# RaceFace Charge leg?



## bandit350 (Apr 9, 2005)

Saw these for the first time tonight. Does anyone know more about them, have any experience, etc? Seem to be like a knee warmer with an extra layer.

Race Face 2013
Stretch mesh sleeve with second skin, minimal fit with targeted coverage.
Foam panel impact zone with stretch Kevlar cover for shred proof durability.
Silicone gripper along inner top opening ensures 'stay-put' fit.
Silicone patch at shin eliminates slippage.
Flatlock comfort seam finish.


----------



## bandit350 (Apr 9, 2005)

updated w/ an email from RF:

The Charge legs are designed around a knee warmer, but have a neoprene pad with Kevlar cover to give it some nice abrasion resistance. We list the specs of it on our website too so you can check it out there as well (Race Face 2013). The pad is intended for XC/Trail riding as it only has minimal padding. The Charge pads were just released a month ago, so I'm sure there's no reviews on them yet, but you should start to see more in the near future. Thanks for choosing RaceFace.


----------



## fsrxc (Jan 31, 2004)

No, but I used the Ambush Knees last year and am happy so far. They are one of the only removable kneepads.


----------



## Mac_Aravan (Nov 22, 2012)

I have ordered a set (knees&elbow), mostly for bushes protection (very thorny here).
For anything more serious I have an ambush set. Very good but very hot.


----------



## Mac_Aravan (Nov 22, 2012)

So I have received my sets (kudo wiggle for 24h oversea delivery).

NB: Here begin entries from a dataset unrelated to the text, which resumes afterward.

(* Let $g\geq 2$, $h$ and $t$ be integers with $2\leq t\leq \log h/\log g$. Then there exists a partition $\mathbb{N}=W_0\cup\cdots\cup W_{h-1}$ (into pairwise disjoint sets) such that each set $W_r$ ($0\le r\le h-1$) is a union of infinitely many intervals of at least $t$ consecutive integers, and $$A=A_g(W_0)\cup\cdots\cup A_g(W_{h-1})$$ is not a minimal asymptotic basis of order $h$.
   Context: $\mathbb{N}$ denotes the set of all nonnegative integers. For a nonempty $W\subseteq\mathbb{N}$ and an integer $g\ge 2$, $A_g(W)$ is the set of all numbers of the form $\sum_{f\in F}a_f g^f$, where $F$ is a finite nonempty subset of $W$ and $1\le a_f\le g-1$ for each $f\in F$. For $A\subseteq\mathbb{N}$ and $h\ge 2$, let $r_h(A,n)$ be the number of $h$-tuples $(a_1,\dots,a_h)\in A^h$ with $a_1+\cdots+a_h=n$. The set $A$ is an asymptotic basis of order $h$ if $r_h(A,n)\ge 1$ for all sufficiently large integers $n$. An asymptotic basis $A$ of order $h$ is minimal if no proper subset of $A$ is an asymptotic basis of order $h$. *)

theory Defs
  imports Complex_Main
begin

definition A_g :: "nat \<Rightarrow> nat set \<Rightarrow> nat set" where
  "A_g g W = {(\<Sum>f\<in>F. a f * g ^ f) | F a. finite F \<and> F \<noteq> {} \<and> F \<subseteq> W \<and>
                 (\<forall>f\<in>F. 1 \<le> a f \<and> a f \<le> g - 1)}"

definition rep :: "nat \<Rightarrow> nat set \<Rightarrow> nat \<Rightarrow> nat" where
  "rep h A n = card {xs :: nat list. length xs = h \<and> set xs \<subseteq> A \<and> sum_list xs = n}"

definition asymptotic_basis :: "nat \<Rightarrow> nat set \<Rightarrow> bool" where
  "asymptotic_basis h A \<longleftrightarrow> (\<exists>N. \<forall>n\<ge>N. rep h A n \<ge> 1)"

definition minimal_asymptotic_basis :: "nat \<Rightarrow> nat set \<Rightarrow> bool" where
  "minimal_asymptotic_basis h A \<longleftrightarrow>
     asymptotic_basis h A \<and> (\<forall>B. B \<subset> A \<longrightarrow> \<not> asymptotic_basis h B)"

definition union_of_long_intervals :: "nat \<Rightarrow> nat set \<Rightarrow> bool" where
  "union_of_long_intervals t W \<longleftrightarrow>
     (\<exists>\<I> :: nat set set. infinite \<I> \<and> \<Union>\<I> = W \<and>
        (\<forall>I\<in>\<I>. \<exists>a l. t \<le> l \<and> I = {a..<a + l}) \<and>
        (\<forall>I\<in>\<I>. \<forall>J\<in>\<I>. I \<noteq> J \<longrightarrow> I \<inter> J = {}))"

end

theory Submission
  imports Defs "HOL-Library.Infinite_Set"
begin

text \<open>Cut the digit positions into blocks of \<open>t\<close> consecutive integers. Blocks 0, 1 and all even
  blocks form \<open>W\<^sub>0\<close>; the odd blocks 3, 5, 7, \<dots> are distributed cyclically among
  \<open>W\<^sub>1, \<dots>, W\<^sub>h\<^sub>-\<^sub>1\<close>. Sorting the base-\<open>g\<close> digits of \<open>n\<close> by class writes \<open>n\<close> as a sum of at
  most \<open>h\<close> elements of \<open>A\<close>, one per class, and this survives the removal of \<open>1 + g\<close> from \<open>A\<close>:
  the only bad case is that the \<open>W\<^sub>0\<close>-digits of \<open>n\<close> form exactly \<open>1 + g\<close>. Then the rest of
  \<open>n\<close> is \<open>g\<^sup>t S\<close>, where \<open>S\<close> arises by moving every block of nonzero class down onto the
  preceding even block, so \<open>S\<close> has its digits in \<open>W\<^sub>0\<close> above position 1 and
  \<open>n = (1 + g + S) + (g\<^sup>t - 1) S\<close> uses at most \<open>g\<^sup>t \<le> h\<close> summands. Representations with fewer
  than \<open>h\<close> summands are padded by splitting a summand \<open>\<ge> 2\<close> into two elements of \<open>A\<close> that
  are below \<open>g\<close> or divisible by \<open>g\<close>, hence different from \<open>1 + g\<close>.\<close>

lemma A_gI:
  assumes "finite F" "F \<noteq> {}" "F \<subseteq> W" "\<forall>f\<in>F. 1 \<le> a f \<and> a f < g"
  shows "(\<Sum>f\<in>F. a f * g ^ f) \<in> A_g g W"
proof -
  have "\<forall>f\<in>F. 1 \<le> a f \<and> a f \<le> g - 1" using assms(4) by fastforce
  then show ?thesis unfolding A_g_def using assms(1-3) by blast
qed

lemma A_gE:
  assumes "x \<in> A_g g W"
  obtains F a where "finite F" "F \<noteq> {}" "F \<subseteq> W" "\<forall>f\<in>F. 1 \<le> a f \<and> a f < g"
    and "x = (\<Sum>f\<in>F. a f * g ^ f)"
proof -
  from assms obtain F a where "finite F" "F \<noteq> {}" "F \<subseteq> W" "\<forall>f\<in>F. 1 \<le> a f \<and> a f \<le> g - 1"
    and "x = (\<Sum>f\<in>F. a f * g ^ f)"
    unfolding A_g_def by blast
  moreover have "\<forall>f\<in>F. 1 \<le> a f \<and> a f < g"
    using \<open>\<forall>f\<in>F. 1 \<le> a f \<and> a f \<le> g - 1\<close> by fastforce
  ultimately show thesis using that by blast
qed

lemma A_g_mono: "V \<subseteq> W \<Longrightarrow> A_g g V \<subseteq> A_g g W"
  unfolding A_g_def by blast

lemma A_g_pos:
  assumes "x \<in> A_g g W"
  shows "0 < x"
proof -
  obtain F a where F: "finite F" "F \<noteq> {}" "\<forall>f\<in>F. 1 \<le> a f \<and> a f < g"
    and x: "x = (\<Sum>f\<in>F. a f * g ^ f)"
    using assms by (rule A_gE)
  obtain f where "f \<in> F" using F(2) by blast
  then have "0 < a f * g ^ f" using F(3) by auto
  also have "\<dots> \<le> x" unfolding x using F(1) \<open>f \<in> F\<close> by (intro member_le_sum) auto
  finally show ?thesis .
qed

lemma A_g_dvd:
  assumes "x \<in> A_g g W" "0 \<notin> W"
  shows "g dvd x"
proof -
  obtain F a where "finite F" "F \<noteq> {}" "F \<subseteq> W" "\<forall>f\<in>F. 1 \<le> a f \<and> a f < g"
    and x: "x = (\<Sum>f\<in>F. a f * g ^ f)"
    using assms(1) by (rule A_gE)
  have "0 \<notin> F" using \<open>F \<subseteq> W\<close> assms(2) by blast
  then show ?thesis unfolding x by (intro dvd_sum) (metis dvd_mult dvd_power neq0_conv)
qed

lemma monomial_in_A_g: "f \<in> W \<Longrightarrow> 1 \<le> c \<Longrightarrow> c < g \<Longrightarrow> c * g ^ f \<in> A_g g W"
  using A_gI[of "{f}" W "\<lambda>_. c" g] by simp

lemma one_plus_base_in_A_g:
  assumes "2 \<le> g" "{0, 1} \<subseteq> W"
  shows "1 + g \<in> A_g g W"
  using A_gI[of "{0, 1}" W "\<lambda>_. 1" g] assms by simp

lemma A_g_add:
  assumes "x \<in> A_g g U" "y \<in> A_g g V" "U \<inter> V = {}"
  shows "x + y \<in> A_g g (U \<union> V)"
proof -
  obtain F a where F: "finite F" "F \<noteq> {}" "F \<subseteq> U" "\<forall>f\<in>F. 1 \<le> a f \<and> a f < g"
    and x: "x = (\<Sum>f\<in>F. a f * g ^ f)"
    using assms(1) by (rule A_gE)
  obtain G b where G: "finite G" "G \<subseteq> V" "\<forall>f\<in>G. 1 \<le> b f \<and> b f < g"
    and y: "y = (\<Sum>f\<in>G. b f * g ^ f)"
    using assms(2) by (rule A_gE)
  define c where "c f = (if f \<in> F then a f else b f)" for f
  have disj: "F \<inter> G = {}" using F(3) G(2) assms(3) by blast
  have "x + y = (\<Sum>f\<in>F. c f * g ^ f) + (\<Sum>f\<in>G. c f * g ^ f)"
    unfolding x y c_def using disj by (auto intro!: sum.cong)
  also have "\<dots> = (\<Sum>f\<in>F \<union> G. c f * g ^ f)"
    using F(1) G(1) disj by (rule sum.union_disjoint[symmetric])
  also have "\<dots> \<in> A_g g (U \<union> V)"
    using F G by (intro A_gI) (auto simp: c_def)
  finally show ?thesis .
qed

Very nice looking, basically a combinaison of pad+kevlar on a lycra mesh. Very light and extensible.
So not at all for shock protection, but this was expected, more for bush and abrasion.

For the sizing, I keep the same as for my ambush set: Medium for leg, Large for arms. 
This is perfect for arms, but for legs maybe an L will be better as they stay higher on the leg than the ambush. 
Since it's very extensible this is not an issue at all, but be sure to measure 10cm above knee.

Real test tomorrow, at least for the arms.


----------



## Mac_Aravan (Nov 22, 2012)

I have tested now both legs+arms set on some races.

I finally switch legs for L sizing, much better fit. Nice to pedal with them, very far from standard padded knee protection. Much more like having an improved lycra.
elbow protections are nice also, and provide a good protection against thorn.
Still no crash to test them, but I do not expect on them to provide shock protection in this case, pad is too thin.


----------



## NS-NV (Aug 15, 2006)

I like mine, but the fit could be a bit better. The knee pad seems a bit too low on the sock. I tend to bang by knees on the bike, and they just dull that impact a bit. Great for winter and cool weather.


----------